I encounter this need on a daily basis. The issue with using FT sites that
already exist (sendfile etc) they tend to have a spammy feel, end up being
blocked in a corporate world so offering a professional, overly secure site
would possibly tap into the business market.

Perhaps a business solution where they register once for the entire
organisation, provide their IP range and anytime your site is accessed from
their machines you allow them a secure, simple way to transfer files.

This is how Yell.com allows search access to companies to their online phone
directory.

I think the issue with having NO users account details means you cut out a lot
of avenues for monetization quickly. By aiming it at businesses you would
still gain revenue but the end user would have a seamless, account free
experience.

I also think the home market is well covered with Dropbox and the likes where
there's no restriction on what you access, sign up for etc.

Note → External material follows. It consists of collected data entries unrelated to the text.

lemma sum_good_set_fiber_mean_ge:
  assumes "p > 0" "\<And>z. z \<in> grid p \<Longrightarrow> 0 \<le> \<mu> z" "(\<Sum>z\<in>grid p. \<mu> z) = 1" "b \<in> {0, 1}"
  shows "(real p - 1) / (2 * real p) \<le> (\<Sum>c\<in>good_set p b. fiber_mass p \<mu> (snd c) / real p)"
proof -
  let ?m = "fiber_mass p \<mu>"
  have "(\<Sum>c\<in>good_set p b. ?m (snd c) / real p)
      = (\<Sum>e\<in>{0..<2}. \<Sum>y\<in>{0..<int p}. if (MM p y + e) mod 2 = b then ?m e / real p else 0)"
    unfolding good_set_def sum.inter_filter [OF finite_grid] sum_grid by (simp only: fst_conv snd_conv)
  also have "\<dots> = (\<Sum>e\<in>{0..<2}. real (card {y \<in> {0..<int p}. (MM p y + e) mod 2 = b}) * (?m e / real p))"
    by (simp flip: sum.inter_filter)
  also have "\<dots> \<ge> (\<Sum>e\<in>{0..<2}. (real p - 1) / 2 * (?m e / real p))"
    using assms by (intro sum_mono mult_right_mono card_MM_parity_ge divide_nonneg_nonneg fiber_mass_nonneg) auto
  moreover have "(\<Sum>e\<in>{0..<2}. (real p - 1) / 2 * (?m e / real p)) = (real p - 1) / (2 * real p)"
    using assms(3) by (simp add: sum_grid_fiber_mass flip: sum_distrib_left sum_divide_distrib)
  ultimately show ?thesis
    by simp
qed

lemma abs_sum_fiber_deviation_le:
  assumes "A \<subseteq> grid p"
  shows "\<bar>\<Sum>c\<in>A. fiber_deviation p \<mu> c\<bar> \<le> sqrt (2 * real p * fiber_energy p \<mu>)"
proof -
  have card: "real (card A) \<le> 2 * real p"
    using card_mono [OF finite_grid assms] by (simp add: card_grid)
  have sq: "(\<Sum>c\<in>A. (fiber_deviation p \<mu> c)\<^sup>2) \<le> fiber_energy p \<mu>"
    unfolding fiber_energy_def by (rule sum_mono2 [OF finite_grid assms]) simp
  have "0 \<le> (\<Sum>c\<in>A. (fiber_deviation p \<mu> c)\<^sup>2)"
    by (simp add: sum_nonneg)
  then have "(\<Sum>c\<in>A. (fiber_deviation p \<mu> c)\<^sup>2) * real (card A) \<le> fiber_energy p \<mu> * (2 * real p)"
    using mult_mono [OF sq card] sq by simp
  with sum_squared_le_sum_of_squares [of "fiber_deviation p \<mu>" A]
  have "(\<Sum>c\<in>A. fiber_deviation p \<mu> c)\<^sup>2 \<le> 2 * real p * fiber_energy p \<mu>"
    by (simp add: mult.commute)
  then show ?thesis
    using real_sqrt_le_mono by fastforce
qed

lemma sum_good_set_ge:
  assumes "p > 0" "\<And>z. z \<in> grid p \<Longrightarrow> 0 \<le> \<mu> z" "(\<Sum>z\<in>grid p. \<mu> z) = 1" "b \<in> {0, 1}"
  shows "(real p - 1) / (2 * real p) - sqrt (2 * real p * fiber_energy p \<mu>) \<le> (\<Sum>c\<in>good_set p b. \<mu> c)"
proof -
  have "(\<Sum>c\<in>good_set p b. \<mu> c)
      = (\<Sum>c\<in>good_set p b. fiber_mass p \<mu> (snd c) / real p) + (\<Sum>c\<in>good_set p b. fiber_deviation p \<mu> c)"
    by (simp add: fiber_deviation_def flip: sum.distrib)
  moreover have "good_set p b \<subseteq> grid p"
    by (auto simp: good_set_def)
  ultimately show ?thesis
    using sum_good_set_fiber_mean_ge [OF assms] abs_sum_fiber_deviation_le [of "good_set p b" p \<mu>]
    by linarith
qed

lemma prob_eq_sum_walk_law:
  assumes "p > 0"
  shows "real (card {x \<in> {1..t} \<rightarrow>\<^sub>E {0, 1::int}.
            (MM p (a 0 + (\<Sum>i=1..t. a i * x i)) + (u 0 + (\<Sum>i=1..t. u i * x i)) mod 2) mod 2 = b})
          / 2 ^ t = (\<Sum>c\<in>good_set p b. walk_law p a u t c)"
proof -
  have "{x \<in> {1..t} \<rightarrow>\<^sub>E {0, 1::int}.
            (MM p (a 0 + (\<Sum>i=1..t. a i * x i)) + (u 0 + (\<Sum>i=1..t. u i * x i)) mod 2) mod 2 = b}
      = {x \<in> cube t. walk_pos p a u t x \<in> good_set p b}"
    using assms by (auto simp: cube_def walk_pos_def good_set_def grid_def MM_def)
  moreover have "real (card {x \<in> cube t. walk_pos p a u t x \<in> good_set p b})
      = (\<Sum>x\<in>cube t. if walk_pos p a u t x \<in> good_set p b then 1 else 0)"
    by (simp flip: sum.inter_filter)
  also have "\<dots> = (\<Sum>c\<in>grid p. real (card {x \<in> cube t. walk_pos p a u t x = c})
                                  * (if c \<in> good_set p b then 1 else 0))"
    using sum_fun_comp [of "cube t" "grid p" "walk_pos p a u t" "\<lambda>c. if c \<in> good_set p b then 1 else 0"]
          assms
    by (simp add: walk_pos_in_grid image_subset_iff)
  also have "\<dots> = (\<Sum>c\<in>good_set p b. real (card {x \<in> cube t. walk_pos p a u t x = c}))"
    unfolding good_set_def sum.inter_filter [OF finite_grid] by (intro sum.cong) auto
  ultimately show ?thesis
    by (simp add: walk_law_def sum_divide_distrib)
qed

lemma sum_good_set_walk_law_ge:
  assumes "prime p" "p > 2" "\<forall>i\<in>{1..t}. \<not> int p dvd a i" "b \<in> {0, 1}"
  shows "1 / 2 - 1 / (2 * real p) - 2 * real p * exp (- real t / (16 * real p ^ 2))
    \<le> (\<Sum>c\<in>good_set p b. walk_law p a u t c)"
proof -
  let ?q = "1 - 1 / (8 * real p ^ 2)" and ?e = "exp (- real t / (16 * real p ^ 2))"
  have "p > 0"
    using assms(2) by simp
  have "1 \<le> real p ^ 2"
    using assms(2) by (simp add: one_le_power)
  then have "0 \<le> ?q"
    by (simp add: divide_le_eq)
  then have "?q ^ t \<le> exp (- (1 / (8 * real p ^ 2))) ^ t"
    using exp_ge_add_one_self [of "- (1 / (8 * real p ^ 2))"] by (intro power_mono) auto
  also have "\<dots> = ?e\<^sup>2"
    by (simp add: field_simps flip: exp_of_nat_mult exp_double)
  finally have "?q ^ t \<le> ?e\<^sup>2" .
  then have "(2 * real p)\<^sup>2 * ?q ^ t \<le> (2 * real p * ?e)\<^sup>2"
    unfolding power_mult_distrib [of _ ?e] by (rule mult_left_mono) simp
  moreover have "2 * real p * fiber_energy p (walk_law p a u t) \<le> 2 * real p * (?q ^ t * (2 * real p))"
    using fiber_energy_walk_law_le [OF assms(1-3) order_refl, of u] by (rule mult_left_mono) simp
  ultimately have "2 * real p * fiber_energy p (walk_law p a u t) \<le> (2 * real p * ?e)\<^sup>2"
    by (simp add: power2_eq_square algebra_simps)
  then have "sqrt (2 * real p * fiber_energy p (walk_law p a u t)) \<le> 2 * real p * ?e"
    by (intro real_le_lsqrt) simp_all
  moreover have "(real p - 1) / (2 * real p) = 1 / 2 - 1 / (2 * real p)"
    using \<open>p > 0\<close> by (simp add: field_simps)
  moreover have "(real p - 1) / (2 * real p) - sqrt (2 * real p * fiber_energy p (walk_law p a u t))
      \<le> (\<Sum>c\<in>good_set p b. walk_law p a u t c)"
    using \<open>p > 0\<close> assms(4) by (intro sum_good_set_ge walk_law_nonneg sum_walk_law)
  ultimately show ?thesis
    by linarith
qed

lemma sum_good_set_walk_law_ge_cubic:
  assumes "prime p" "p > 2" "\<forall>i\<in>{1..t}. \<not> int p dvd a i" "b \<in> {0, 1}"
    and "c * real p ^ 3 \<le> real t" "4 * (real p)\<^sup>2 * exp (- c * real p / 16) \<le> 1"
  shows "1 / 2 - 1 / real p \<le> (\<Sum>c\<in>good_set p b. walk_law p a u t c)"
proof -
  have "exp (- real t / (16 * real p ^ 2)) \<le> exp (- c * real p / 16)"
    using assms(2,5) by (simp add: field_simps power3_eq_cube power2_eq_square)
  then have "4 * (real p)\<^sup>2 * exp (- real t / (16 * real p ^ 2)) \<le> 4 * (real p)\<^sup>2 * exp (- c * real p / 16)"
    by (rule mult_left_mono) simp
  then have "4 * (real p)\<^sup>2 * exp (- real t / (16 * real p ^ 2)) \<le> 1"
    using assms(6) by linarith
  then have "2 * real p * exp (- real t / (16 * real p ^ 2)) \<le> 1 / (2 * real p)"
    using assms(2) by (simp add: field_simps power2_eq_square)
  then show ?thesis
    using sum_good_set_walk_law_ge [OF assms(1-4), of u] by simp
qed

theorem lemma5p4:
  fixes \<alpha> c1 c2 c3 c4 :: real
  assumes "0 < \<alpha>" "\<alpha> < 1" "c1 > 0" "c2 > 0" "c3 > 0" "c4 > 0"
  shows "\<exists>C>0. \<exists>n0::nat. \<forall>n::nat \<ge> n0. \<forall>p::nat. \<forall>t::nat. \<forall>b::int. \<forall>a u :: nat \<Rightarrow> int.
    (prime p \<and> c1 * real n powr \<alpha> \<le> real p \<and> real p \<le> c2 * real n powr \<alpha>
      \<and> real t \<ge> c3 * real p ^ 3 \<and> b \<in> {0, 1}
      \<and> (\<forall>i\<in>{1..t}. 1 \<le> a i \<and> real_of_int (a i) \<le> c4 * real p / ln (real n)))
    \<longrightarrow> real (card {x \<in> {1..t} \<rightarrow>\<^sub>E {0, 1::int}.
            (MM p (a 0 + (\<Sum>i=1..t. a i * x i)) + (u 0 + (\<Sum>i=1..t. u i * x i)) mod 2) mod 2 = b})
          / 2 ^ t
        \<ge> 1/2 - C / ln (real n)"
proof -
  have "\<forall>\<^sub>F x in at_top. 4 * x\<^sup>2 * exp (- c3 * x / 16) \<le> (1 :: real)"
    using assms(5) by real_asymp
  then obtain X where X: "\<And>x. x \<ge> X \<Longrightarrow> 4 * x\<^sup>2 * exp (- c3 * x / 16) \<le> 1"
    by (auto simp: eventually_at_top_linorder)
  have "\<forall>\<^sub>F n in sequentially. max X 3 \<le> c1 * real n powr \<alpha> \<and> ln (real n) \<le> c1 * real n powr \<alpha>
      \<and> c4 < ln (real n)"
    using assms(1,3) by (intro eventually_conj) real_asymp+
  then obtain N where N: "\<And>n. n \<ge> N \<Longrightarrow> max X 3 \<le> c1 * real n powr \<alpha>
      \<and> ln (real n) \<le> c1 * real n powr \<alpha> \<and> c4 < ln (real n)"
    by (auto simp: eventually_sequentially)
  show ?thesis
  proof (intro exI [of _ "1::real"] exI [of _ N] conjI allI impI)
    fix n p t :: nat and b :: int and a u :: "nat \<Rightarrow> int"
    assume "N \<le> n" and H: "prime p \<and> c1 * real n powr \<alpha> \<le> real p \<and> real p \<le> c2 * real n powr \<alpha>
      \<and> real t \<ge> c3 * real p ^ 3 \<and> b \<in> {0, 1}
      \<and> (\<forall>i\<in>{1..t}. 1 \<le> a i \<and> real_of_int (a i) \<le> c4 * real p / ln (real n))"
    then have p: "X \<le> real p" "3 \<le> real p" "ln (real n) \<le> real p" and "c4 < ln (real n)"
      using N [OF \<open>N \<le> n\<close>] by auto
    then have "p > 0"
      by simp
    have "c4 * real p / ln (real n) < real p"
      using \<open>p > 0\<close> \<open>c4 < ln (real n)\<close> assms(6) by (simp add: divide_less_eq)
    have "\<not> int p dvd a i" if "i \<in> {1..t}" for i
    proof -
      have "1 \<le> a i" "real_of_int (a i) < real p"
        using H that \<open>c4 * real p / ln (real n) < real p\<close> by fastforce+
      then show ?thesis
        by (auto dest: zdvd_imp_le)
    qed
    then have "1 / 2 - 1 / real p \<le> (\<Sum>c\<in>good_set p b. walk_law p a u t c)"
      using H X [OF p(1)] p(2) by (intro sum_good_set_walk_law_ge_cubic) auto
    moreover have "1 / real p \<le> 1 / ln (real n)"
      using p \<open>c4 < ln (real n)\<close> assms(6) by (intro divide_left_mono) auto
    ultimately show "1 / 2 - 1 / ln (real n) \<le> real (card {x \<in> {1..t} \<rightarrow>\<^sub>E {0, 1::int}.
        (MM p (a 0 + (\<Sum>i=1..t. a i * x i)) + (u 0 + (\<Sum>i=1..t. u i * x i)) mod 2) mod 2 = b}) / 2 ^ t"
      by (simp only: prob_eq_sum_walk_law [OF \<open>p > 0\<close>])
  qed simp
qed

end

The other idea that I noticed was the Cleaning DVDs one. While the only phrase
I understood was 'cleaning my toilet' it certainly made me smile.

I think there is a small niche product to be made out of that one! Heck, I'd
probably even buy one, you could market it as How to hack your housework! :)

------
badkins
I am sort of doing the browser in the cloud idea. Except the value of mine is
security, not tab management.

If you really wanted tab management, that seems like an easy job for a simple
browser add-on.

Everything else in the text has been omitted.